The required output is a copy of each line in the material below that includes "define".

━━━━━━━━━━━━━━━━━━━━━━━━━━━━━━

lemma sum_periodic_shift:
  fixes f :: "int \<Rightarrow> 'a::comm_monoid_add"
  assumes periodic: "\<And>x. f (x + int N) = f x"
  shows "(\<Sum>i\<in>{1..int N}. f (i + k)) = (\<Sum>i\<in>{1..int N}. f i)"
proof -
  have shift_one: "(\<Sum>i\<in>{1..int N}. g (i + 1)) = (\<Sum>i\<in>{1..int N}. g i)"
    if "\<And>x. g (x + int N) = g x" for g :: "int \<Rightarrow> 'a"
  proof (cases "N = 0")
    case False
    have "(\<Sum>i\<in>{1..int N}. g (i + 1)) = (\<Sum>i\<in>{2..int N + 1}. g i)"
      by (rule sum.reindex_bij_witness [where i = "\<lambda>i. i - 1" and j = "\<lambda>i. i + 1"]) auto
    also have "{2..int N + 1} = insert (int N + 1) {2..int N}"
      and "{1..int N} = insert 1 {2..int N}"
      using False by auto
    moreover have "g (int N + 1) = g 1"
      using that [of 1] by (simp add: add.commute)
    ultimately show ?thesis by simp
  qed simp
  have nat_shift: "(\<Sum>i\<in>{1..int N}. g (i + int n)) = (\<Sum>i\<in>{1..int N}. g i)"
    if "\<And>x. g (x + int N) = g x" for g :: "int \<Rightarrow> 'a" and n
  proof (induction n)
    case (Suc n)
    have "(\<Sum>i\<in>{1..int N}. g (i + int (Suc n))) = (\<Sum>i\<in>{1..int N}. g (i + 1 + int n))"
      by (simp add: algebra_simps)
    also have "\<dots> = (\<Sum>i\<in>{1..int N}. g (i + int n))"
      by (rule shift_one [of "\<lambda>i. g (i + int n)"]) (metis that add.commute add.left_commute)
    finally show ?case using Suc.IH by simp
  qed simp
  show ?thesis
  proof (cases "k \<ge> 0")
    case True
    then show ?thesis
      using nat_shift [where g = f and n = "nat k", OF periodic] by simp
  next
    case False
    have "(\<Sum>i\<in>{1..int N}. f (i + int (nat (- k)) + k)) = (\<Sum>i\<in>{1..int N}. f (i + k))"
      by (rule nat_shift [of "\<lambda>i. f (i + k)"]) (metis periodic add.commute add.left_commute)
    then show ?thesis
      using False by simp
  qed
qed

lemma energy_eq_sum_site_energy:
  fixes s :: "int \<Rightarrow> real"
  assumes p: "p > 1" and bound: "\<And>y. \<bar>s y\<bar> \<le> 1" and periodic: "\<And>x. s (x + int N) = s x"
  shows "energy p J N s = (\<Sum>x\<in>{1..int N}. site_energy p J s x)"
proof -
  define right where "right i = (\<lambda>n. s i * s (i + int n + 1) / real (n + 1) powr p)" for i
  define left where "left i = (\<lambda>n. s i * s (i - int n - 1) / real (n + 1) powr p)" for i
  have summable: "summable (right i)" "summable (left i)" for i
    unfolding right_def left_def
    by (intro summable_bounded_div_Suc_powr(2) [OF p, where B = 1] abs_mult_le_one bound)+
  have "(\<Sum>i\<in>{1..int N}. suminf (left i)) = (\<Sum>n. \<Sum>i\<in>{1..int N}. left i n)"
    using summable by (simp add: suminf_sum)
  also have "\<dots> = (\<Sum>n. \<Sum>i\<in>{1..int N}. right i n)"
  proof (intro arg_cong [where f = suminf] ext)
    fix n
    have "(\<Sum>i\<in>{1..int N}. left (i + (int n + 1)) n) = (\<Sum>i\<in>{1..int N}. left i n)"
      unfolding left_def
      by (rule sum_periodic_shift) (metis periodic add.commute add_diff_eq diff_add_eq)
    then show "(\<Sum>i\<in>{1..int N}. left i n) = (\<Sum>i\<in>{1..int N}. right i n)"
      by (simp add: left_def right_def algebra_simps)
  qed
  also have "\<dots> = (\<Sum>i\<in>{1..int N}. suminf (right i))"
    using summable by (simp add: suminf_sum)
  finally have left_eq_right: "(\<Sum>i\<in>{1..int N}. suminf (left i)) = (\<Sum>i\<in>{1..int N}. suminf (right i))" .
  have "energy p J N s = - J * (\<Sum>i=1..int N. s i * s (i + 1))
      + (\<Sum>i=1..int N. suminf (right i) + suminf (left i))"
    unfolding energy_def right_def left_def using infsum_pair_interaction [where s = s, OF p bound] by (simp only:)
  also have "\<dots> = - J * (\<Sum>i=1..int N. s i * s (i + 1)) + 2 * (\<Sum>i=1..int N. suminf (right i))"
    by (simp only: sum.distrib left_eq_right mult_2)
  also have "\<dots> = (\<Sum>i\<in>{1..int N}. - J * (s i * s (i + 1)) + 2 * suminf (right i))"
    by (simp only: sum.distrib sum_distrib_left)
  finally show ?thesis
    by (simp add: site_energy_def right_def mult.assoc)
qed

lemma site_energy_shift: "site_energy p J (\<lambda>y. s (y + c)) x = site_energy p J s (x + c)"
  unfolding site_energy_def by (simp add: ac_simps)

lemma site_energy_uminus: "site_energy p J (\<lambda>y. - s y) x = site_energy p J s x"
  unfolding site_energy_def by simp

lemma site_energy_periodic:
  assumes "\<And>y. s (y + int N) = s y"
  shows "site_energy p J s (x + int N) = site_energy p J s x"
  using site_energy_shift [of p J s "int N" x] assms by simp

lemma sum_periodic_window:
  fixes f :: "int \<Rightarrow> 'a::comm_monoid_add"
  assumes periodic: "\<And>x. f (x + int N) = f x"
  shows "(\<Sum>x\<in>{1..int N}. f x) = (\<Sum>x\<in>{1 + c..int N + c}. f x)"
proof -
  have "(\<Sum>x\<in>{1..int N}. f x) = (\<Sum>x\<in>{1..int N}. f (x + c))"
    using sum_periodic_shift [where f = f, OF periodic] by simp
  also have "\<dots> = (\<Sum>x\<in>{1 + c..int N + c}. f x)"
    by (rule sum.reindex_bij_witness [where i = "\<lambda>x. x - c" and j = "\<lambda>x. x + c"]) auto
  finally show ?thesis .
qed

lemma sum_int_interval_split:
  fixes f :: "int \<Rightarrow> 'a::comm_monoid_add"
  assumes "a \<le> b + 1" "b \<le> c"
  shows "(\<Sum>x\<in>{a..c}. f x) = (\<Sum>x\<in>{a..b}. f x) + (\<Sum>x\<in>{b + 1..c}. f x)"
proof -
  have "{a..c} = {a..b} \<union> {b + 1..c}"
    using assms by auto
  then show ?thesis
    by (simp add: sum.union_disjoint [symmetric] del: atLeastAtMost_iff)
qed

lemma sum_int_consecutive_intervals:
  fixes e :: "nat \<Rightarrow> int" and f :: "int \<Rightarrow> 'a::comm_monoid_add"
  assumes "\<And>i. i < n \<Longrightarrow> e i \<le> e (Suc i)"
  shows "(\<Sum>x\<in>{e 0 + 1..e n}. f x) = (\<Sum>i\<in>{1..n}. \<Sum>x\<in>{e (i - 1) + 1..e i}. f x)"
  using assms
proof (induction n)
  case (Suc n)
  have "e 0 \<le> e n"
    using Suc.prems by (induction n) (auto intro: order_trans)
  then have "(\<Sum>x\<in>{e 0 + 1..e (Suc n)}. f x) = (\<Sum>x\<in>{e 0 + 1..e n}. f x) + (\<Sum>x\<in>{e n + 1..e (Suc n)}. f x)"
    using Suc.prems by (intro sum_int_interval_split) auto
  with Suc show ?case by simp
qed simp

section \<open>Power-law tails\<close>

definition tail_const :: "real \<Rightarrow> real" where
  "tail_const p = 1 + 1 / (p - 1)"

lemma tail_const_pos:
  assumes "p > 1" shows "tail_const p > 0"
proof -
  have "1 / (p - 1) > 0" using assms by simp
  then show ?thesis unfolding tail_const_def by linarith
qed

lemma inverse_powr_le_powr_diff:
  fixes p x :: real
  assumes p: "p > 1" and x: "x \<ge> 1"
  shows "1 / (x + 1) powr p \<le> (x powr (1 - p) - (x + 1) powr (1 - p)) / (p - 1)"
proof -
  have "\<exists>z. x < z \<and> z < x + 1 \<and>
      (x + 1) powr (1 - p) - x powr (1 - p) = ((x + 1) - x) * ((1 - p) * z powr (1 - p - 1))"
  proof (rule MVT2 [where f' = "\<lambda>z. (1 - p) * z powr (1 - p - 1)"])
    fix z assume "x \<le> z"
    then show "((\<lambda>z. z powr (1 - p)) has_real_derivative (1 - p) * z powr (1 - p - 1)) (at z)"
      using x by (intro has_real_derivative_powr) auto
  qed simp
  then obtain z where z: "x < z" "z < x + 1"
    and mvt: "(x + 1) powr (1 - p) - x powr (1 - p) = (1 - p) * z powr (- p)"
    by auto
  have "1 / (x + 1) powr p = (x + 1) powr (- p)"
    by (simp add: powr_minus divide_inverse)
  also have "\<dots> \<le> z powr (- p)"
    using z x p by (intro powr_mono2') auto
  also have "\<dots> = (x powr (1 - p) - (x + 1) powr (1 - p)) / (p - 1)"
    using mvt p by (simp add: field_simps)
  finally show ?thesis .
qed

lemma sum_inverse_powr_shift_le:
  fixes p L :: real
  assumes p: "p > 1" and L: "L \<ge> 1"
  shows "(\<Sum>n<K. 1 / (L + real n + 1) powr p) \<le> (L powr (1 - p) - (L + real K) powr (1 - p)) / (p - 1)"
proof (induction K)
  case (Suc K)
  have "1 / (L + real K + 1) powr p
      \<le> ((L + real K) powr (1 - p) - (L + real K + 1) powr (1 - p)) / (p - 1)"
    using inverse_powr_le_powr_diff [OF p, of "L + real K"] L by simp
  with Suc show ?case
    by (simp add: diff_divide_distrib add_ac)
qed simp

lemma summable_inverse_powr_shift:
  fixes p L :: real
  assumes p: "p > 1" and L: "L \<ge> 1"
  shows "summable (\<lambda>n::nat. 1 / (L + real n) powr p)"
proof (rule summable_comparison_test' [where N = 0])
  show "summable (\<lambda>n. norm (1 / real (n + 1) powr p))"
    by (rule summable_bounded_div_Suc_powr(1) [OF p, where B = 1]) simp
  fix n :: nat
  have "real (n + 1) powr p \<le> (L + real n) powr p"
    using L p by (intro powr_mono2) auto
  then show "norm (1 / (L + real n) powr p) \<le> norm (1 / real (n + 1) powr p)"
    by (simp add: frac_le)
qed
lemma bdca_iterate_feasible:
  assumes iter: "\<And>k. (\<forall>j<k. d j \<noteq> 0) \<Longrightarrow> bdca_iter g h a b p \<alpha> \<beta> x y d u lam k"
    and x0: "x 0 \<in> polyF a b p" and \<beta>: "0 < \<beta>" "\<beta> < 1"
  shows "(\<forall>j<k. d j \<noteq> 0) \<Longrightarrow> x k \<in> polyF a b p"
proof (induction k)
  case 0
  then show ?case using x0 by simp
next
  case (Suc k)
  then have it: "bdca_iter g h a b p \<alpha> \<beta> x y d u lam k" and dk: "d k \<noteq> 0"
    using iter by auto
  have yF: "y k \<in> polyF a b p" and xs: "x (Suc k) = y k + lam k *\<^sub>R d k"
    using bdca_iterD(5)[OF it] bdca_iterD(7)[OF it dk] by blast+
  show ?case
  proof (cases "active a b p (y k) \<subseteq> active a b p (x k)")
    case True
    then obtain lam0 n where lam0: "y k + lam0 *\<^sub>R d k \<in> polyF a b p" "lam k = \<beta> ^ n * lam0"
      using bdca_iterD(8)[OF it dk True] by blast
    have "0 \<le> \<beta> ^ n" "\<beta> ^ n \<le> 1" using \<beta> by (auto intro: power_le_one)
    then have "(1 - \<beta> ^ n) *\<^sub>R y k + \<beta> ^ n *\<^sub>R (y k + lam0 *\<^sub>R d k) \<in> polyF a b p"
      by (intro convexD[OF convex_polyF yF lam0(1)]) auto
    then show ?thesis unfolding xs lam0(2) by (simp add: algebra_simps)
  next
    case False
    then have "lam k = 0" using bdca_iterD(9)[OF it dk] by blast
    then show ?thesis using xs yF by simp
  qed
qed

theorem proposition3p2:
  fixes g h :: "'a::euclidean_space \<Rightarrow> ereal"
    and a :: "nat \<Rightarrow> 'a" and b :: "nat \<Rightarrow> real" and p :: nat
    and \<rho> \<alpha> \<beta> :: real
    and x y d u :: "nat \<Rightarrow> 'a" and lam :: "nat \<Rightarrow> real"
  assumes g_pcc: "proper_fun g" "closed_fun g" "convex_fun g"
    and h_pcc: "proper_fun h" "closed_fun h" "convex_fun h"
    and A1: "\<rho> > 0" "strongly_convex_fun g \<rho>" "strongly_convex_fun h \<rho>"
    and A2: "\<forall>z\<in>edom h. subdiff h z \<noteq> {}" "C1_near g (edom h)"
            "(INF z\<in>polyF a b p. phi g h z) > -\<infinity>"
    and params: "\<alpha> > 0" "0 < \<beta>" "\<beta> < 1"
    and x0: "x 0 \<in> polyF a b p"
    and iter: "\<And>k. (\<forall>j<k. d j \<noteq> 0) \<Longrightarrow> bdca_iter g h a b p \<alpha> \<beta> x y d u lam k"
    and running: "\<forall>j<k. d j \<noteq> 0"
  shows "phi g h (y k) \<le> phi g h (x k) - ereal (\<rho> * (norm (d k))\<^sup>2)
       \<and> (\<exists>L. has_dir_deriv (phi g h) (y k) (d k) L \<and> L \<le> ereal (- \<rho> * (norm (d k))\<^sup>2))
       \<and> (active a b p (y k) \<subseteq> active a b p (x k) \<longrightarrow>
            (\<exists>\<delta>>0. \<forall>t\<in>{0..\<delta>}. y k + t *\<^sub>R d k \<in> polyF a b p \<and>
                 phi g h (y k + t *\<^sub>R d k) \<le> phi g h (y k) - ereal (\<alpha> * t\<^sup>2 * (norm (d k))\<^sup>2))
          \<and> (\<forall>lam0\<ge>0. y k + lam0 *\<^sub>R d k \<in> polyF a b p \<longrightarrow>
               (\<exists>n. phi g h (y k + (\<beta> ^ n * lam0) *\<^sub>R d k)
                      \<le> phi g h (y k) - ereal (\<alpha> * (\<beta> ^ n * lam0)\<^sup>2 * (norm (d k))\<^sup>2))))"
proof -
  have it: "bdca_iter g h a b p \<alpha> \<beta> x y d u lam k" using iter running by blast
  note iterD = bdca_iterD[OF it]
  have xF: "x k \<in> polyF a b p" using bdca_iterate_feasible[OF iter x0 params(2,3) running] .
  obtain gx gy hx hy where fin: "g (x k) = ereal gx" "g (y k) = ereal gy"
    "h (x k) = ereal hx" "h (y k) = ereal hy"
    using edom_finite_values[OF h_pcc(1) A2(2)] iterD(1,2) by metis
  obtain w where w: "w \<in> subdiff h (y k)" using A2(1) iterD(2) by blast
  have descent: "phi g h (y k) \<le> phi g h (x k) - ereal (\<rho> * (norm (d k))\<^sup>2)"
    unfolding iterD(4) by (rule dca_step_descent[OF A1(2,3) convex_polyF xF iterD(5) fin iterD(3,6)])
  obtain L where L: "has_dir_deriv (phi g h) (y k) (d k) L" "L \<le> ereal (- \<rho> * (norm (d k))\<^sup>2)"
    using dca_step_dir_deriv[OF A1(3) h_pcc(3) convex_polyF xF iterD(5) A2(2) iterD(2) fin(3,4)
        iterD(3) w iterD(6)]
    unfolding iterD(4) by blast
  have "phi g h (y k) = ereal (gy - hy)" unfolding phi_def fin by simp
  from descent_line_search_in_polyF[OF L[unfolded iterD(4)] A1(1) this iterD(5) _ params(2,3)]
  show ?thesis using descent L unfolding iterD(4) by blast
qed

end
lemma fibrewise_section_of_homotopy_section:
  fixes A :: "'a topology" and pE :: "'e \<Rightarrow> 'b" and pX :: "'x \<Rightarrow> 'b"
  assumes hE: "hlp_wrt TYPE('a \<times> real) pE E B" and hX: "hlp_wrt TYPE('a \<times> real) pX X B"
    and pX: "continuous_map X B pX" and f: "fibrewise_map pE E pX X f"
    and s: "continuous_map A E s" and hom: "homotopic_with (\<lambda>_. True) A X (f \<circ> s) j"
  obtains s' where "continuous_map A E s'" and "\<And>a. a \<in> topspace A \<Longrightarrow> pE (s' a) = pX (j a)"
    and "homotopic_with (\<lambda>h. \<forall>a\<in>topspace A. pX (h a) = pX (j a)) A X (f \<circ> s') j"
proof -
  let ?T = "prod_topology A (top_of_set {0..1::real})"
  have cf: "continuous_map E X f" and pf: "\<And>e. e \<in> topspace E \<Longrightarrow> pX (f e) = pE e"
    using f unfolding fibrewise_map_def by auto
  obtain H0 where H0: "continuous_map (prod_topology (top_of_set {0..1::real}) A) X H0"
    and H0_0: "\<And>a. H0 (0, a) = f (s a)" and H0_1: "\<And>a. H0 (1, a) = j a"
    using hom unfolding homotopic_with_def by auto
  define H where "H = (\<lambda>z. H0 (snd z, fst z))"
  have H: "continuous_map ?T X H"
    using continuous_map_compose[OF continuous_map_pairedI[OF continuous_map_snd continuous_map_fst] H0]
    by (simp add: H_def o_def)
  have H_start: "pX (H (a, 0)) = pE (s a)" if "a \<in> topspace A" for a
    using pf continuous_map_image_subset_topspace[OF s] that by (auto simp: H_def H0_0)
  obtain K where K: "continuous_map ?T E K" and K_0: "\<And>a. a \<in> topspace A \<Longrightarrow> K (a, 0) = s a"
    and K_over: "\<And>z. z \<in> topspace ?T \<Longrightarrow> pE (K z) = pX (H z)"
    using hlp_wrt_liftE[OF hlp_wrt_from_prod_real[OF hE] s continuous_map_compose[OF H pX, unfolded o_def] H_start]
    by blast
  define s' where "s' a = K (a, 1)" for a
  have s': "continuous_map A E s'"
    unfolding s'_def
    by (rule continuous_map_homotopy_compose[OF K continuous_map_id, unfolded id_def]) auto
  have s'_over: "pE (s' a) = pX (j a)" if "a \<in> topspace A" for a
    using K_over[of "(a, 1)"] that by (simp add: s'_def H_def H0_1)
  have "homotopic_with (\<lambda>h. \<forall>a\<in>topspace A. pX (h a) = pX (f (K (a, 1)))) A X
          (\<lambda>a. f (K (a, 1))) (\<lambda>a. H (a, 1))"
  proof (rule fibrewise_homotopic_ends_of_homotopies_with_common_projection[OF hX pX _ H])
    show "continuous_map ?T X (\<lambda>z. f (K z))"
      using continuous_map_compose[OF K cf] by (simp add: o_def)
    show "f (K (a, 0)) = H (a, 0)" if "a \<in> topspace A" for a
      using that by (simp add: K_0 H_def H0_0)
    show "pX (f (K z)) = pX (H z)" if "z \<in> topspace ?T" for z
    proof -
      have "K z \<in> topspace E"
        using continuous_map_image_subset_topspace[OF K] that by blast
      then show ?thesis using pf K_over[OF that] by simp
    qed
  qed
  moreover have "(\<lambda>a. f (K (a, 1))) = f \<circ> s'" and "(\<lambda>a. H (a, 1)) = j"
    by (simp_all add: s'_def H_def H0_1 fun_eq_iff)
  moreover have "pX (f (K (a, 1))) = pX (j a)" if "a \<in> topspace A" for a
    using s'_over[OF that] pf continuous_map_image_subset_topspace[OF s'] that by (auto simp: s'_def)
  ultimately have "homotopic_with (\<lambda>h. \<forall>a\<in>topspace A. pX (h a) = pX (j a)) A X (f \<circ> s') j"
    by (auto elim!: homotopic_with_mono)
  with s' s'_over that show ?thesis by blast
qed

━━━━━━━━━━━━━━━━━━━━━━━━━━━━━━

### [Response area]
  define right where "right i = (\<lambda>n. s i * s (i + int n + 1) / real (n + 1) powr p)" for i
  define left where "left i = (\<lambda>n. s i * s (i - int n - 1) / real (n + 1) powr p)" for i
  define H where "H = (\<lambda>z. H0 (snd z, fst z))"
  define s' where "s' a = K (a, 1)" for a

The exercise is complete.